You see the same thing when we talk about communities."(For example,) companies selling software for online portals, basically treat the software as synonymous with the (meaning of a) community. (They see) community (as,) essentially, a software package, (as) a website. But of course in practice, community is a sociological construct. All the software does is, it provides a communications means for a community to potentially use to communicate. But just because people are using the software doesn’t mean they actually form a community.
So what happens is, a lot of the definitions you see of big data are defined, not by big data or the managerial issue, or the concept itself, but rather, they define big data in terms of the product they’re selling, which is software and hardware … I would argue that one of the things that’s derailing the conversation about big data, both within the organization and academia, is a failure to distinguish between essentially the marketing speak of the firms selling the software and the hardware, and the actual underlying problem the software is meant to address (Technology providers) want to define the problem in technological terms.
Important components and attributes of BD
Perspectives
aside, we all agree that data are part of a process that informs theory
development and decision making. We believe that data should be
considered only one part of the BD concept. The perspectives that we
have heard from the marketing scholars whom we interviewed led us to
believe that it could be beneficial to think of BD as a term that
represents a period of time or era, a process, and some new wrinkles
associated with components of that process. In this section, we draw
attention to these components and new wrinkles.
Purpose
A
first critical consideration of BD is the purpose of it. Little says,
‘I’m problem driven’. Lehmann quotes T.S. Eliot, ‘Where is the
information that we have lost in the information’, in making the point
that ‘people may get so obsessed with analyzing the data that they’ll
forget why they are analyzing it, and why they want to know about
particular relationships’. Moe states, ‘Think about what you’re trying
to accomplish’. Duparcq adds, ‘All the new connected platforms in the
world won’t make a difference if they can’t justify their existence by
the value they create. This is no doubt the core challenge’. And
Thompson emphasizes, ‘You need to start with a theory. Theory is what
allows you to frame a meaningful question. If you start looking for
answers, and you don’t know what the question is, you’ve got a problem’.
With more data and richer data available through technologies today, BD
enables the conceptualization of new problems and associated purpose,
or, deeper exploration of pre-existing problems.
Data attributes
Indeed,
it is important to be aware of certain characteristics, or nature, of
the data associated with BD. Yes, there is the attribute of size.

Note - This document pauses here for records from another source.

(* Let $d_1,d_2,d_3\ge2$, let $\rho$ be a density operator on $\mathbb{C}^{d_1}\otimes\mathbb{C}^{d_2}\otimes\mathbb{C}^{d_3}$, let $(f,g,h)$ be a permutation of $(1,2,3)$, and let $\alpha,\beta\in\mathbb{R}$. If $\rho$ is separable under the bipartition $f|gh$, then $$\|N^{f|gh}\|_{tr}\le\sqrt{d_f-1}\left(|\alpha|\sqrt{d_g-1}+|\beta|\sqrt{d_gd_h\Big(1-\frac{1}{d_g^2}-\frac{1}{d_h^2}\Big)+1}\right).$$
   Context: Generalized Pauli operators: for an integer $d\ge2$, let $\omega$ be a fixed primitive $d$-th root of unity and $E_{m,j}$ the $d\times d$ matrix units (indices modulo $d$). Writing $u\in\{0,\dots,d^2-1\}$ uniquely as $u=di+j$ with $0\le i,j\le d-1$, set $A_u=\sum_{m=0}^{d-1}\omega^{im}E_{m,m+j}$; so $A_0=I_d$ and $\operatorname{tr}(A_uA_v^\dagger)=d\delta_{uv}$. $A^{(s)}_u$ denotes these for $d=d_s$. The coefficients of $\rho$ are $t_{u_1,u_2,u_3}=\operatorname{tr}\big(\rho\,(A^{(1)}_{u_1})^\dagger\otimes(A^{(2)}_{u_2})^\dagger\otimes(A^{(3)}_{u_3})^\dagger\big)$, so $\rho=\frac{1}{d_1d_2d_3}\sum t_{u_1,u_2,u_3}A^{(1)}_{u_1}\otimes A^{(2)}_{u_2}\otimes A^{(3)}_{u_3}$. Matrices: for $(f,g,h)$ a permutation of $(1,2,3)$, $S^{f|g}$ is the $(d_f^2-1)\times(d_g^2-1)$ matrix with rows indexed by $u_f\in\{1,\dots,d_f^2-1\}$, columns by $u_g\in\{1,\dots,d_g^2-1\}$, whose entry is the coefficient $t_{u_1,u_2,u_3}$ with index $u_f$ in position $f$, $u_g$ in position $g$ and $0$ in position $h$. $S_0^{f|g}=[S^{f|g}\ \ O]$ is the $(d_f^2-1)\times(d_g^2-1)(d_h^2-1)$ matrix obtained by appending the $(d_f^2-1)\times(d_g^2-1)(d_h^2-2)$ zero matrix. $S^{f|gh}$ is the $(d_f^2-1)\times(d_g^2-1)(d_h^2-1)$ matrix with rows indexed by $u_f\ge1$ and columns by pairs $(u_g,u_h)$ with $u_g,u_h\ge1$ (lexicographic order), whose entry is the coefficient with $u_f,u_g,u_h$ in positions $f,g,h$. Finally $N^{f|gh}=\alpha S_0^{f|g}+\beta S^{f|gh}$. $\rho$ is separable under $f|gh$ if $\rho=\sum_s p_s\rho^s_f\otimes\rho^s_{gh}$ (finite sum) with $p_s>0$, $\sum_sp_s=1$, $\rho^s_f$ density operators on the $f$-th factor and $\rho^s_{gh}$ density operators on the remaining two factors. $\|X\|_{tr}=\operatorname{tr}\sqrt{XX^\dagger}$ is the trace norm (sum of singular values). *)

theory Defs
  imports "Jordan_Normal_Form.Matrix" "Jordan_Normal_Form.Char_Poly"
begin

definition mtrace :: "complex mat \<Rightarrow> complex" where
  "mtrace A = (\<Sum>i<dim_row A. A $$ (i, i))"

definition adj :: "complex mat \<Rightarrow> complex mat" where
  "adj A = mat (dim_col A) (dim_row A) (\<lambda>(i, j). cnj (A $$ (j, i)))"

definition kron :: "complex mat \<Rightarrow> complex mat \<Rightarrow> complex mat" where
  "kron A B = mat (dim_row A * dim_row B) (dim_col A * dim_col B)
     (\<lambda>(i, j). A $$ (i div dim_row B, j div dim_col B) * B $$ (i mod dim_row B, j mod dim_col B))"

definition density :: "nat \<Rightarrow> complex mat \<Rightarrow> bool" where
  "density n R \<longleftrightarrow> R \<in> carrier_mat n n \<and> adj R = R \<and>
     (\<forall>v :: nat \<Rightarrow> complex. 0 \<le> Re (\<Sum>i<n. \<Sum>j<n. cnj (v i) * R $$ (i, j) * v j)) \<and>
     mtrace R = 1"

text \<open>Trace norm: sum of the singular values of X, i.e. the sum (with multiplicity)
  of the square roots of the eigenvalues of X X^dagger.\<close>
definition trace_norm :: "complex mat \<Rightarrow> real" where
  "trace_norm X = (let p = char_poly (X * adj X) in
     \<Sum>z\<in>{z. poly p z = 0}. real (order z p) * sqrt (Re z))"

definition prim_root :: "nat \<Rightarrow> complex \<Rightarrow> bool" where
  "prim_root d w \<longleftrightarrow> w ^ d = 1 \<and> (\<forall>k. 0 < k \<and> k < d \<longrightarrow> w ^ k \<noteq> 1)"

text \<open>Generalized Pauli operator A_u, u = d i + j:
  A_u = sum_m w^(i m) E_{m, m+j mod d}.\<close>
definition pauli :: "nat \<Rightarrow> complex \<Rightarrow> nat \<Rightarrow> complex mat" where
  "pauli d w u = mat d d (\<lambda>(m, n).
     if n = (m + u mod d) mod d then w ^ ((u div d) * m) else 0)"

section \<open>Three-party setting. Factors are numbered 1,2,3; d s is the dimension of factor s,
  w s the chosen primitive (d s)-th root of unity.\<close>

definition totdim :: "(nat \<Rightarrow> nat) \<Rightarrow> nat" where
  "totdim d = d 1 * d 2 * d 3"

definition coord :: "(nat \<Rightarrow> nat) \<Rightarrow> nat \<Rightarrow> nat \<Rightarrow> nat" where
  "coord d k s = (if s = 1 then k div (d 2 * d 3)
                  else if s = 2 then (k div d 3) mod d 2 else k mod d 3)"

text \<open>Coefficient t_{u1,u2,u3}; the argument u maps a position s to u_s.\<close>
definition tcoef :: "(nat \<Rightarrow> nat) \<Rightarrow> (nat \<Rightarrow> complex) \<Rightarrow> complex mat \<Rightarrow> (nat \<Rightarrow> nat) \<Rightarrow> complex" where
  "tcoef d w \<rho> u = mtrace (\<rho> * adj (kron (kron (pauli (d 1) (w 1) (u 1)) (pauli (d 2) (w 2) (u 2)))
                                          (pauli (d 3) (w 3) (u 3))))"

definition assign :: "nat \<Rightarrow> nat \<Rightarrow> nat \<Rightarrow> nat \<Rightarrow> nat \<Rightarrow> nat \<Rightarrow> nat \<Rightarrow> nat" where
  "assign f g h a b c = (\<lambda>s. if s = f then a else if s = g then b else if s = h then c else 0)"

definition S_fg :: "(nat \<Rightarrow> nat) \<Rightarrow> (nat \<Rightarrow> complex) \<Rightarrow> complex mat \<Rightarrow> nat \<Rightarrow> nat \<Rightarrow> nat \<Rightarrow> complex mat" where
  "S_fg d w \<rho> f g h = mat (d f ^ 2 - 1) (d g ^ 2 - 1)
     (\<lambda>(r, c). tcoef d w \<rho> (assign f g h (r + 1) (c + 1) 0))"

definition S0_fg :: "(nat \<Rightarrow> nat) \<Rightarrow> (nat \<Rightarrow> complex) \<Rightarrow> complex mat \<Rightarrow> nat \<Rightarrow> nat \<Rightarrow> nat \<Rightarrow> complex mat" where
  "S0_fg d w \<rho> f g h = mat (d f ^ 2 - 1) ((d g ^ 2 - 1) * (d h ^ 2 - 1))
     (\<lambda>(r, c). if c < d g ^ 2 - 1 then S_fg d w \<rho> f g h $$ (r, c) else 0)"

text \<open>Columns indexed by pairs (u_g, u_h), u_g, u_h >= 1, in lexicographic order.\<close>
definition S_fgh :: "(nat \<Rightarrow> nat) \<Rightarrow> (nat \<Rightarrow> complex) \<Rightarrow> complex mat \<Rightarrow> nat \<Rightarrow> nat \<Rightarrow> nat \<Rightarrow> complex mat" where
  "S_fgh d w \<rho> f g h = mat (d f ^ 2 - 1) ((d g ^ 2 - 1) * (d h ^ 2 - 1))
     (\<lambda>(r, c). tcoef d w \<rho> (assign f g h (r + 1) (c div (d h ^ 2 - 1) + 1) (c mod (d h ^ 2 - 1) + 1)))"

definition N_fgh :: "(nat \<Rightarrow> nat) \<Rightarrow> (nat \<Rightarrow> complex) \<Rightarrow> complex mat \<Rightarrow> nat \<Rightarrow> nat \<Rightarrow> nat \<Rightarrow> real \<Rightarrow> real \<Rightarrow> complex mat" where
  "N_fgh d w \<rho> f g h \<alpha> \<beta> =
     complex_of_real \<alpha> \<cdot>\<^sub>m S0_fg d w \<rho> f g h + complex_of_real \<beta> \<cdot>\<^sub>m S_fgh d w \<rho> f g h"

text \<open>Product state sigma_f (x) tau_{gh}, where tau acts on the two remaining factors
  a < b in their natural order C^{d a} (x) C^{d b}, placed into C^{d1}(x)C^{d2}(x)C^{d3}.\<close>
definition embed_prod :: "(nat \<Rightarrow> nat) \<Rightarrow> nat \<Rightarrow> nat \<Rightarrow> nat \<Rightarrow> complex mat \<Rightarrow> complex mat \<Rightarrow> complex mat" where
  "embed_prod d f g h \<sigma> \<tau> = (let a = min g h; b = max g h in
     mat (totdim d) (totdim d) (\<lambda>(i, j).
       \<sigma> $$ (coord d i f, coord d j f) *
       \<tau> $$ (coord d i a * d b + coord d i b, coord d j a * d b + coord d j b)))"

However, the ‘bigness’ of BD is, as Feinberg calls it,
… a moving target. Remember when scanner data came out? That was big data. We were stunned. Like wow, tens of thousands of households and dozens of purchases. And now, you can fit all of that data on anyone’s phone. You may not be able to analyze it on someone’s phone, but you can certainly do it on any PC. It’s kind of a joke by today’s standards.
Lehmann concurs:
When I was in school, I ran a five variable, one-hundred observation regression that took more than a day to run. That was BD at the time. Now, it is considered quite small. As computing power has increased, BD has become bigger. The problem is the same today as it was years ago.
Winer agrees as well:
When people first started using the term big data, I kind of laughed a little bit, because big data sets, huge data sets have been around for a long time. If you take a look at the kind of data that, say, telecom companies have on all their customers, or airlines form loyalty programs, banks on their customers, it’s not new. I think what the term tends to be used for is maybe, at least my perception is, the integration of customer databases, which as I said have been around for a while, and other information that they may be able to get about customers through social media, through user generated content, trying to integrate the two. Even though the sort of cyberspace data is not generally at the individual level, it’s usually anonymous, I think that the incremental availability of huge amounts of information that are flowing across the internet is what really people are referring to as big data. So maybe the airline and banking and telecom data were big data, and now we’re in the era of really big data or huge data or something like that. But as I said, I don’t see it being revolutionary, as much as evolutionary.
And, similar to Winer,
Duparcq likes to use a definition if BD that involves database
integration and vast amounts of online data:
The entirety of data that is collected on a singular individual, in a multitude of platforms (online traditional, online mobile, online new, internet capable connected devices, offline stores, offline media & credit card data), connected (all online and offline datasets in one database), correlated, and interpreted from both a single and larger group perspective.
Little
commented, ‘In fact, I had an email from my co-author (of) years ago,
Peter Guadagni, and he said, I think we were using big data’ (n.b., Guadagni and Little’s (1983) seminal paper was based on the analysis of scanner data).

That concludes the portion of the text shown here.